Tercer emir de la taifa de Granada desde 1037-38 hasta 1073. Tomó Badis b. Habus las riendas del poder de la taifa granadina tras suceder a su padre, Habus b. Maksan Zirí, que falleció en 1038; ambos pertenecían a la rama de los ziríes, que regían esta taifa desde comienzos del s. XI. Esta sucesión fue aceptada por el sucesor de Badis, Buluggin b. Habus, pero no por su primo Yaddayr b. Hubasa, que mantenía la esperanza de convertirse en legítimo sucesor por haber ejercido como colaborador de Habus y dado que según Abdállah, tenía a gala haber resuelto con inteligencia y pericia todo asunto de responsabilidad que se le hubiese encomendado. Pero la evolución dinástica estatal se consolidaba y el asunto se resolvió a favor de la transmisión patrilineal que, a pesar de no ser habitual en grupos clánicos, se instauró y consolidó entre los ziríes granadinos.

Estos beréberes nuevos se diferenciaban de los andalusíes por la fuerza que al inicio mostraban sus estructuras feudales, aunque, poco a poco, se consolidó su arabización, siendo un notable ejemplo de asimilación a la cultura árabe el caso del emir Abdállah de Granada, como queda patente en sus famosas Memorias, El siglo XI en 1ª persona. El nombre del emir, Badis, fue habitual entre la rama de los ziríes, que regían Ifriqiya desde finales del s. X; Badis se llamó también el tercer emir Zirí de Ifriqiya, que enlaza a través de Zirí con la rama de Granada —aquel era Badis b. al Mansur b. Buluggin b. Zirí—, que tomó como sobrenombre honorífico el de Nasir al Dawla (1015-16).

Una vez que Badis se situó en el lugar de máxima responsabilidad de su taifa, se ocupó con interés de los asuntos ya iniciados por sus antecesores. En concreto, en lo que se refiere al proceso de edificación de la capital, Badis mantuvo la atención y el cuidado de sus antecesores en este asunto, al menos así lo afirmaba al Idrisi (s. XII): [fueron] consolidadas sus murallas y construida su alcazaba por Habus b. Maksan Zirí al Sinhayi, a quien sucedió su hijo Badis b. Habus, en cuyo tiempo fue completada la edificación de Granada y su poblamiento que aún continúa.

Afirman las fuentes que Badis estuvo aconsejado, en general, por un judío, Samuel b.
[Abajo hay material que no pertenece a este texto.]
lemma lin_functional_pair_mult_rsharp:
  assumes m: "bilin m"
  shows "lin_functional (\<lambda>u. pair \<xi> (m (rsharp r u) y))"
    and "lin_functional (\<lambda>u. pair \<xi> (m y (rsharp r u)))"
  using lin_functional_comp[OF lin_functional_pair_right lin_comp[OF bilin_left[OF m] lin_rsharp]]
    lin_functional_comp[OF lin_functional_pair_right lin_comp[OF bilin_right[OF m] lin_rsharp]]
  by blast+

lemma lin_functional_pybe_form_left:
  "bilin m \<Longrightarrow> lin_functional (\<lambda>u. pybe_form m r u v w)"
  unfolding pybe_form_def
  by (intro lin_functional_add lin_functional_diff lin_functional_pair_left
      lin_functional_pair_mult_rsharp)

lemma lin_functional_pybe_form_middle:
  "bilin m \<Longrightarrow> lin_functional (\<lambda>v. pybe_form m r u v w)"
  unfolding pybe_form_def
  by (intro lin_functional_add lin_functional_diff lin_functional_pair_left
      lin_functional_pair_mult_rsharp)

lemma O_identity_defect_eq_pybe_form:
  assumes m: "bilin m" and r: "\<forall>i j. r i j = r j i"
  shows "rsharp r (\<lambda>i. dual_l m (rsharp r u) v i + dual_r m u (rsharp r v) i) c
           - m (rsharp r u) (rsharp r v) c
       = pybe_form m r u v (ebas c)"
proof -
  have "rsharp r \<xi> c = pair \<xi> (rsharp r (ebas c))" for \<xi>
    using pair_rsharp_commute[OF r, of "ebas c" \<xi>] by simp
  then show ?thesis
    unfolding pybe_form_def by (simp add: pair_add_left pair_dual_l[OF m] pair_dual_r[OF m])
qed

lemma weak_O_identity_iff_pybe_form:
  assumes m: "bilin m" and r: "\<forall>i j. r i j = r j i"
  shows "(\<forall>u v. m (rsharp r u) (rsharp r v)
                  = rsharp r (\<lambda>i. dual_l m (rsharp r u) v i + dual_r m u (rsharp r v) i))
     \<longleftrightarrow> (\<forall>a b c. pybe_form m r (ebas a) (ebas b) (ebas c) = 0)"
proof -
  have "(\<forall>u v. m (rsharp r u) (rsharp r v)
                  = rsharp r (\<lambda>i. dual_l m (rsharp r u) v i + dual_r m u (rsharp r v) i))
     \<longleftrightarrow> (\<forall>c u v. pybe_form m r u v (ebas c) = 0)"
    by (auto simp: fun_eq_iff O_identity_defect_eq_pybe_form[OF m r, symmetric])
  also have "\<dots> \<longleftrightarrow> (\<forall>c u b. pybe_form m r u (ebas b) (ebas c) = 0)"
    using lin_functional_eq_0_iff_basis[OF lin_functional_pybe_form_middle[OF m]] by blast
  also have "\<dots> \<longleftrightarrow> (\<forall>c a b. pybe_form m r (ebas a) (ebas b) (ebas c) = 0)"
    using lin_functional_eq_0_iff_basis[OF lin_functional_pybe_form_left[OF m]] by blast
  finally show ?thesis by blast
qed

lemma S_tensor_eq:
  assumes "lin N"
  shows "(\<Sum>i\<in>UNIV. \<Sum>j\<in>UNIV. r i j * (tens2 (S (ebas i)) (ebas j) a b
                                        - tens2 (ebas i) (N (ebas j)) a b))
       = rsharp r (dualmap S (ebas a)) b - N (rsharp r (ebas a)) b"
  unfolding tens2_def rsharp_ebas lin_expand[OF assms, of "r a"]
  by (simp add: rsharp_def dualmap_def right_diff_distrib sum_subtractf mult.commute
      mult_if_zero_right sum_if_zero)

lemma S_adm_PYBE_iff_weak_O_op:
  assumes m: "bilin m" and N: "lin N" and r: "\<forall>i j. r i j = r j i"
  shows "S_adm_PYBE m N S r \<longleftrightarrow> weak_O_op m N (dual_l m) (dual_r m) (dualmap S) (rsharp r)"
proof -
  have lf: "lin_functional (\<lambda>\<xi>. rsharp r (dualmap S \<xi>) b - N (rsharp r \<xi>) b)" for b
    by (intro lin_functional_diff lin_component lin_comp[OF lin_rsharp lin_dualmap]
        lin_comp[OF N lin_rsharp])
  have "(\<forall>\<xi>. N (rsharp r \<xi>) = rsharp r (dualmap S \<xi>))
      \<longleftrightarrow> (\<forall>b \<xi>. rsharp r (dualmap S \<xi>) b - N (rsharp r \<xi>) b = 0)"
    by (auto simp: fun_eq_iff)
  also have "\<dots> \<longleftrightarrow> (\<forall>b a. rsharp r (dualmap S (ebas a)) b - N (rsharp r (ebas a)) b = 0)"
    using lin_functional_eq_0_iff_basis[OF lf] by blast
  finally have "(\<forall>\<xi>. N (rsharp r \<xi>) = rsharp r (dualmap S \<xi>))
      \<longleftrightarrow> (\<forall>a b. rsharp r (dualmap S (ebas a)) b - N (rsharp r (ebas a)) b = 0)"
    by blast
  then show ?thesis
    unfolding S_adm_PYBE_def weak_O_op_def
    by (simp add: pybe_tensor_eq_pybe_form[OF m r] weak_O_identity_iff_pybe_form[OF m r]
        S_tensor_eq[OF N] lin_rsharp)
qed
Nagrela, que desde los últimos tiempos de Habus b. Maksan Zirí venía destacando en la administración, ascendiendo rápidamente en la corte Zirí hasta su muerte en 1056. Había dejado entonces su puesto preeminente en la Administración de Granada a su hijo José. Samuel b. Nagrela estuvo siempre en la escena granadina, y cierta responsabilidad parece haber tenido en el deterioro de relaciones entre Almería y Granada, que acabaron con la invasión del territorio granadino por parte de Zuhair, vencido en 1038, a raíz de la cual ocupó Granada tierras al noroeste de Almería y recuperó Jaén.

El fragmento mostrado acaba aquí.